(Beginning of Source data)

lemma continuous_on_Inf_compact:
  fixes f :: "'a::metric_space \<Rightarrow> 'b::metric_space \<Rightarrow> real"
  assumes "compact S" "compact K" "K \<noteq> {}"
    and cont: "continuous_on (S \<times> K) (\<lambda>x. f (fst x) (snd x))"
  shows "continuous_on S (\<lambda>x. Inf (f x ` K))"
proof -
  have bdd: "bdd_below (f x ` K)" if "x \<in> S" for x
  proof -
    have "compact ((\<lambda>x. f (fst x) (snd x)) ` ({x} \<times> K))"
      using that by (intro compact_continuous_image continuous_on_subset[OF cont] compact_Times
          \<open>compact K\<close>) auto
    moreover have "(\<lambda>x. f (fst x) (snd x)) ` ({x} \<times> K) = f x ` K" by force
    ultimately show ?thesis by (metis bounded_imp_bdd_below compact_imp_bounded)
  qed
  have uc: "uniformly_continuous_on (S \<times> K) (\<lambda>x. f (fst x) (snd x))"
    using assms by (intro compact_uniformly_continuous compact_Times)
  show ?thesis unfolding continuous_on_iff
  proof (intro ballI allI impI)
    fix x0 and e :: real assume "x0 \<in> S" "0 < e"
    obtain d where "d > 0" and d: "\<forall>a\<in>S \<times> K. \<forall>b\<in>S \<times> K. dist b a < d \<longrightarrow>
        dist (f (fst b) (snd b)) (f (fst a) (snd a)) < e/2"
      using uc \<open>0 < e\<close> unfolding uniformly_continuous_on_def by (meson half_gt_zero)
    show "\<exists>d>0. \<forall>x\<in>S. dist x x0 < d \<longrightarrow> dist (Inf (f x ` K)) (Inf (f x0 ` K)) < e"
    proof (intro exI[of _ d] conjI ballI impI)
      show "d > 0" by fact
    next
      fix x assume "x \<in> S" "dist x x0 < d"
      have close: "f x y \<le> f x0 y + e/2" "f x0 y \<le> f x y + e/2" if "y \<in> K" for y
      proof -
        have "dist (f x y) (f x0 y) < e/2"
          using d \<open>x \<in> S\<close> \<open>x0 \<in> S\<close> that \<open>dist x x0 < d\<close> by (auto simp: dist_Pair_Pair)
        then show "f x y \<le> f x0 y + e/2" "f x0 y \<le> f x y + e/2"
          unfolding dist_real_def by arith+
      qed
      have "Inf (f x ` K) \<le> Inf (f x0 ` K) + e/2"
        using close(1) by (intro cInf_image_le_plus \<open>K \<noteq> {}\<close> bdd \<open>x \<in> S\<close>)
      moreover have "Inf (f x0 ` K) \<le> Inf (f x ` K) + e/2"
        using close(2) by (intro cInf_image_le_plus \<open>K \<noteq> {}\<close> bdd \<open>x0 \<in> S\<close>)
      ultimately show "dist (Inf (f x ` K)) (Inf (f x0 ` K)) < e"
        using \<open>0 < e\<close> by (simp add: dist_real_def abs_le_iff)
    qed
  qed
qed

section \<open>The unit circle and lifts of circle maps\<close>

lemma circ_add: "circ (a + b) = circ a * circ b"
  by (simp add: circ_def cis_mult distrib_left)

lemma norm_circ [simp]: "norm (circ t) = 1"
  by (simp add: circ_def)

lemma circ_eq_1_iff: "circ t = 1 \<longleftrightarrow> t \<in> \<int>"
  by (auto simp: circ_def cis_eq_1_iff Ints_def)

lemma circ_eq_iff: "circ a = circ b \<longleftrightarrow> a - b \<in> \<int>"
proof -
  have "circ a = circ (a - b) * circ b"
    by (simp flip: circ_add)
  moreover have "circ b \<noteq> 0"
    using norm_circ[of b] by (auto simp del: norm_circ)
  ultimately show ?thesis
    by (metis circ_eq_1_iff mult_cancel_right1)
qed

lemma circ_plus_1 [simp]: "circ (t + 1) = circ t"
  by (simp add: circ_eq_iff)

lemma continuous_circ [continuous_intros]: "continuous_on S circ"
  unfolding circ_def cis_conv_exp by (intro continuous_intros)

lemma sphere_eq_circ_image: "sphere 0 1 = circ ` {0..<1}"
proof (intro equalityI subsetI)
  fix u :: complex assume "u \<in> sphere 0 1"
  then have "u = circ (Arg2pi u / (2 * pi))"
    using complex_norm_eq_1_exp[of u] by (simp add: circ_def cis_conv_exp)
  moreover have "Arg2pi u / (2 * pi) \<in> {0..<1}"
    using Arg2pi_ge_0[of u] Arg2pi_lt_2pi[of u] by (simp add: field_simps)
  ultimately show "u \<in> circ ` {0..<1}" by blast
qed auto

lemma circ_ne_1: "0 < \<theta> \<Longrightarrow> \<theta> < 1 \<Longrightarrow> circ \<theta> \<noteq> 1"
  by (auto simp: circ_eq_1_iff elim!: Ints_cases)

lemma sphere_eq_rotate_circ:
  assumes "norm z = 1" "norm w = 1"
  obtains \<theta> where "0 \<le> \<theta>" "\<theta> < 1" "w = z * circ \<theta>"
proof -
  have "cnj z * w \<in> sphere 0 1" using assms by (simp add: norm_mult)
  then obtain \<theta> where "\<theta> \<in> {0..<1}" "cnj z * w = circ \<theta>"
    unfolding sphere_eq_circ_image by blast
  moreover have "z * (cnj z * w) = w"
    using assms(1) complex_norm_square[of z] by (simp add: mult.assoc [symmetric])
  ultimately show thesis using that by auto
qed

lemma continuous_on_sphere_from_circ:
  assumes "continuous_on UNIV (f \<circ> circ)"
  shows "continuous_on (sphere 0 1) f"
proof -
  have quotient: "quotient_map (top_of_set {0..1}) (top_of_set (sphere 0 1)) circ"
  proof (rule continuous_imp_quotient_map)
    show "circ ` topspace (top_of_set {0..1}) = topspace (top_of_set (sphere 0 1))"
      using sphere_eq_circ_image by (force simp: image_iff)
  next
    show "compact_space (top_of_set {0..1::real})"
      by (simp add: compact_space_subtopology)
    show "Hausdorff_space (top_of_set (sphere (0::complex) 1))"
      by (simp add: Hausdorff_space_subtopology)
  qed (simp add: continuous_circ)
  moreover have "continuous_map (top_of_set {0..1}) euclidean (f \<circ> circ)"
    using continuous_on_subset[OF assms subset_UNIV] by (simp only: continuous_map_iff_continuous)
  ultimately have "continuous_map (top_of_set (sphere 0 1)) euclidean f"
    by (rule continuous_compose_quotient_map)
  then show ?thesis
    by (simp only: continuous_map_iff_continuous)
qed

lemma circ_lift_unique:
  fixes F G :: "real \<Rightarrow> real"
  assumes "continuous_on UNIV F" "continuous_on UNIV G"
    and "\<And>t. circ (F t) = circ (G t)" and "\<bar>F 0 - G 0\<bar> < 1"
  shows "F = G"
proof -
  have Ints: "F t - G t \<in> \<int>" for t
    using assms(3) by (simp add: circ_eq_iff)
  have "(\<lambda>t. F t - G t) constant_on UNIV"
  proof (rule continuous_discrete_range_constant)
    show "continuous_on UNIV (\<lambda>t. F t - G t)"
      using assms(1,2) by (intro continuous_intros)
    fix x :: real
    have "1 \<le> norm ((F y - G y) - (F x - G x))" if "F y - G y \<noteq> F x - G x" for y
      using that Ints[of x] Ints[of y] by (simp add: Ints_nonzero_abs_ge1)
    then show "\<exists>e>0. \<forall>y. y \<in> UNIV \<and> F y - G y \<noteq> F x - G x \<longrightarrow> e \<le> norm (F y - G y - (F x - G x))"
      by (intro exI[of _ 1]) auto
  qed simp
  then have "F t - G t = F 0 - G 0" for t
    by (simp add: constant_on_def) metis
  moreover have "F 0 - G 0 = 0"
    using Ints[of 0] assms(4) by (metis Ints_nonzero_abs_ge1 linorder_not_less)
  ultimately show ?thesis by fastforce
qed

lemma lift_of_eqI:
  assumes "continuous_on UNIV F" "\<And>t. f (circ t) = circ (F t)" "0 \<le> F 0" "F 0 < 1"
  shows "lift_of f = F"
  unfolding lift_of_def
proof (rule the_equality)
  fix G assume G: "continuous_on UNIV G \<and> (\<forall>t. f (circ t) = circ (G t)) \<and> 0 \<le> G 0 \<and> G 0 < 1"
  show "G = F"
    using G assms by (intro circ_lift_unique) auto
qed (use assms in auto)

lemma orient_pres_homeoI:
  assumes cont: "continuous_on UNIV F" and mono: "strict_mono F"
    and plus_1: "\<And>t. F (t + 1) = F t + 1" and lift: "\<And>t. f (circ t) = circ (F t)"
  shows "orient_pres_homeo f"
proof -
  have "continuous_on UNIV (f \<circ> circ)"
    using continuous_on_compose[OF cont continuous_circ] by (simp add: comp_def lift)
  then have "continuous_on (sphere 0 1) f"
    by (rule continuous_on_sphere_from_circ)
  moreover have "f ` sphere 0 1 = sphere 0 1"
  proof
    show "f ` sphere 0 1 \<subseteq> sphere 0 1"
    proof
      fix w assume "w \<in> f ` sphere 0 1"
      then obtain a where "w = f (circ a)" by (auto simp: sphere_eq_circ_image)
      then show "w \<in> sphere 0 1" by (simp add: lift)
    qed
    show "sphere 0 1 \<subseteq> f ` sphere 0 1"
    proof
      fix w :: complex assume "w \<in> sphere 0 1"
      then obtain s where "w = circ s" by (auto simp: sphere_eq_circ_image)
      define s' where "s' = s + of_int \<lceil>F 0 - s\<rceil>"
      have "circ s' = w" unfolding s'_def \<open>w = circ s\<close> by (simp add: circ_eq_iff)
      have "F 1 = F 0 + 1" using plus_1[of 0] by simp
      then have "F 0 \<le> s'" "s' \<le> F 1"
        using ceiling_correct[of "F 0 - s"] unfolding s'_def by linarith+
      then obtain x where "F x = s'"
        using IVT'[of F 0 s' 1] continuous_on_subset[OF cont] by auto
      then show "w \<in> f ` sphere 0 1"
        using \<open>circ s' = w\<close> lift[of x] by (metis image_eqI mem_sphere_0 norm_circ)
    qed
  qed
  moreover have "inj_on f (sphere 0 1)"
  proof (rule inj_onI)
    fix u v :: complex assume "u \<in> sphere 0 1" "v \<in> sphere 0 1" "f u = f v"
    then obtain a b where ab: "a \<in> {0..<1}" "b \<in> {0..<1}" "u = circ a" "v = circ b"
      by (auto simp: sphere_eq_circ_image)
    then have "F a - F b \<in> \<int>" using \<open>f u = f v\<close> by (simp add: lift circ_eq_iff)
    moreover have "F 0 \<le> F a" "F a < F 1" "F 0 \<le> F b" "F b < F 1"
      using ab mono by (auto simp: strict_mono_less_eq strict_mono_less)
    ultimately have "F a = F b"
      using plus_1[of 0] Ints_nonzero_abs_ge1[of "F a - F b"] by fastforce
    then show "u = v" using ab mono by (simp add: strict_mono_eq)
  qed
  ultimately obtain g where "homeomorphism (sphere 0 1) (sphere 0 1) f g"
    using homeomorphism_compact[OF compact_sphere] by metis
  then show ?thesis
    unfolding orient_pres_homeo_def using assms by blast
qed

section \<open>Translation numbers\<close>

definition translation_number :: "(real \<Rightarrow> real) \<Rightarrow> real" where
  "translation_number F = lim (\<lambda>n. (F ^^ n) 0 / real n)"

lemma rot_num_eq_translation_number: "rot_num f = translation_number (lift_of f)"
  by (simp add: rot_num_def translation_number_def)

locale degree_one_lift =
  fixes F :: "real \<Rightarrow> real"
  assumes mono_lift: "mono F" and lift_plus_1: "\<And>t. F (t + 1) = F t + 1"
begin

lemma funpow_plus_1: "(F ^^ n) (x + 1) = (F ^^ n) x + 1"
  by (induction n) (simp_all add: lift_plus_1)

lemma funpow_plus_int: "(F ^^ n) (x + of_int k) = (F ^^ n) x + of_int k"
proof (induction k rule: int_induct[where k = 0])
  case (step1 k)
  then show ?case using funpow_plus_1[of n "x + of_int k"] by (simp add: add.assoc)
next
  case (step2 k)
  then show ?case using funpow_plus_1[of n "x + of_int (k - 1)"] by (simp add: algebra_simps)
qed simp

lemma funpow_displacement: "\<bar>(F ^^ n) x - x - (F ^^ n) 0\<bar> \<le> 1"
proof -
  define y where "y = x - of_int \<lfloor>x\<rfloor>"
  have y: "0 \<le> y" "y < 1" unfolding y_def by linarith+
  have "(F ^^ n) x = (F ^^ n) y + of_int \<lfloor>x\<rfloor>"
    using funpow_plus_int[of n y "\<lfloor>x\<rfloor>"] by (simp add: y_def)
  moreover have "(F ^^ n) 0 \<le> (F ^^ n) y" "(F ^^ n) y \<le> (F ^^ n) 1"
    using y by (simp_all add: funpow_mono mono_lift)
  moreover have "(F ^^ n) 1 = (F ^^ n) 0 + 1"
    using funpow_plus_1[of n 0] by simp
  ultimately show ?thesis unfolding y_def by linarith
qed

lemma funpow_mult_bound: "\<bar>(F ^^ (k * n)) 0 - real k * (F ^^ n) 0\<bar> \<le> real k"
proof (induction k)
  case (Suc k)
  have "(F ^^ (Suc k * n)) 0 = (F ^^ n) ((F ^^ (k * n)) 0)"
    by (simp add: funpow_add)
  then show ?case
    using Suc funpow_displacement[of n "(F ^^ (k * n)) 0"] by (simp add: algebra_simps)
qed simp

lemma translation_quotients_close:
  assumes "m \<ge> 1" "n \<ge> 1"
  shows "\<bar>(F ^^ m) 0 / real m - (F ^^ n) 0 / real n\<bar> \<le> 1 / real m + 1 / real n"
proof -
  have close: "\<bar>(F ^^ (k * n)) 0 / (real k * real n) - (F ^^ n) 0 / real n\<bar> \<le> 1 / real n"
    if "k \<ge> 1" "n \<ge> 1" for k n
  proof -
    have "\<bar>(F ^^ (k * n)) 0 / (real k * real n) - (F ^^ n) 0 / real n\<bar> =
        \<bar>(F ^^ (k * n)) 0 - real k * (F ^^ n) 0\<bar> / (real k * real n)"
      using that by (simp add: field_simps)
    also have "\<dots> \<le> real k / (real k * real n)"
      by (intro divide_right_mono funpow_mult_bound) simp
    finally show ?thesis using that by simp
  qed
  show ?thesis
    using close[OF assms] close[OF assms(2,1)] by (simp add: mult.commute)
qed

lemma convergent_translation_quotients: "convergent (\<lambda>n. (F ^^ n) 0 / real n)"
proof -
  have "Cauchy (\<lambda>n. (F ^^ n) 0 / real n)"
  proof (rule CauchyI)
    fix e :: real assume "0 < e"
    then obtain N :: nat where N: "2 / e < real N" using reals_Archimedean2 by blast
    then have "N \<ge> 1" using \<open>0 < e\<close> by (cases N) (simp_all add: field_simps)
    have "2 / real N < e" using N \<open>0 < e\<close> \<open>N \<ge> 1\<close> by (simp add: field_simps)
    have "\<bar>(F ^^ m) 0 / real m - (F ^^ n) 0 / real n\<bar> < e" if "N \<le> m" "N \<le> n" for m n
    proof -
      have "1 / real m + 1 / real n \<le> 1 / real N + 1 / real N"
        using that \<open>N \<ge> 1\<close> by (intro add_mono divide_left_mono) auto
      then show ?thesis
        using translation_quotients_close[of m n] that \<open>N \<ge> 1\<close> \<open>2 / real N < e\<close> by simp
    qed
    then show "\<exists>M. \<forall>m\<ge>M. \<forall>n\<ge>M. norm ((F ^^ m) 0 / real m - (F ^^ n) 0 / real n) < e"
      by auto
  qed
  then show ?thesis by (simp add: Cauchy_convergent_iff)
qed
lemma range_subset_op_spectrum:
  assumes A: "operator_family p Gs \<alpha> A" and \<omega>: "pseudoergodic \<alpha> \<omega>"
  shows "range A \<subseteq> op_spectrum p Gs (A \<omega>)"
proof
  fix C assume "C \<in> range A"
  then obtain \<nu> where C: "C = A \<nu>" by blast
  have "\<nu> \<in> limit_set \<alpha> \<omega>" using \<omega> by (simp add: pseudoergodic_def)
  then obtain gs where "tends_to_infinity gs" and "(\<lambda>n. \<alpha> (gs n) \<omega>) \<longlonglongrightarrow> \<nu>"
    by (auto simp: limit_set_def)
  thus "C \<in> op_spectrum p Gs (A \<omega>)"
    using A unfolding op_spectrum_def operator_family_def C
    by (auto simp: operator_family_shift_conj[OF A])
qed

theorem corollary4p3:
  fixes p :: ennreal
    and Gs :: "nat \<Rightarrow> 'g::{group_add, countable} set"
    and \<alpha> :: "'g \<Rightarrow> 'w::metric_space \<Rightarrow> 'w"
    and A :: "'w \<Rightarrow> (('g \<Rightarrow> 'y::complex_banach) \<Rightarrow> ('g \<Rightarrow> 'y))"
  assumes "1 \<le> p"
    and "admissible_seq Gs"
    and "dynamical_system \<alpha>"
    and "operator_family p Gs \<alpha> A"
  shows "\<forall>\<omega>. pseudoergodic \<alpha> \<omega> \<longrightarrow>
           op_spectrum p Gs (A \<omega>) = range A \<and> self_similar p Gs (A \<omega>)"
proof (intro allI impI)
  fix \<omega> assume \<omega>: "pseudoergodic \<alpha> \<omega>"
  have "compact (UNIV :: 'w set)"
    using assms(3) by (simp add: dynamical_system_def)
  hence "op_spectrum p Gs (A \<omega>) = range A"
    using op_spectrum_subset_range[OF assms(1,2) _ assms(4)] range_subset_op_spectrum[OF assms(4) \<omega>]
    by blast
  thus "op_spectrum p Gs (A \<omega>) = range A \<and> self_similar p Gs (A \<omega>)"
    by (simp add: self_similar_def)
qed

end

(End of Source data)

Required action> Output, please, only the lines running from the start of the entries through the line that contains "y) (f x0 y)", including both of those lines.

Answer for the task>
lemma continuous_on_Inf_compact:
  fixes f :: "'a::metric_space \<Rightarrow> 'b::metric_space \<Rightarrow> real"
  assumes "compact S" "compact K" "K \<noteq> {}"
    and cont: "continuous_on (S \<times> K) (\<lambda>x. f (fst x) (snd x))"
  shows "continuous_on S (\<lambda>x. Inf (f x ` K))"
proof -
  have bdd: "bdd_below (f x ` K)" if "x \<in> S" for x
  proof -
    have "compact ((\<lambda>x. f (fst x) (snd x)) ` ({x} \<times> K))"
      using that by (intro compact_continuous_image continuous_on_subset[OF cont] compact_Times
          \<open>compact K\<close>) auto
    moreover have "(\<lambda>x. f (fst x) (snd x)) ` ({x} \<times> K) = f x ` K" by force
    ultimately show ?thesis by (metis bounded_imp_bdd_below compact_imp_bounded)
  qed
  have uc: "uniformly_continuous_on (S \<times> K) (\<lambda>x. f (fst x) (snd x))"
    using assms by (intro compact_uniformly_continuous compact_Times)
  show ?thesis unfolding continuous_on_iff
  proof (intro ballI allI impI)
    fix x0 and e :: real assume "x0 \<in> S" "0 < e"
    obtain d where "d > 0" and d: "\<forall>a\<in>S \<times> K. \<forall>b\<in>S \<times> K. dist b a < d \<longrightarrow>
        dist (f (fst b) (snd b)) (f (fst a) (snd a)) < e/2"
      using uc \<open>0 < e\<close> unfolding uniformly_continuous_on_def by (meson half_gt_zero)
    show "\<exists>d>0. \<forall>x\<in>S. dist x x0 < d \<longrightarrow> dist (Inf (f x ` K)) (Inf (f x0 ` K)) < e"
    proof (intro exI[of _ d] conjI ballI impI)
      show "d > 0" by fact
    next
      fix x assume "x \<in> S" "dist x x0 < d"
      have close: "f x y \<le> f x0 y + e/2" "f x0 y \<le> f x y + e/2" if "y \<in> K" for y
      proof -
        have "dist (f x y) (f x0 y) < e/2"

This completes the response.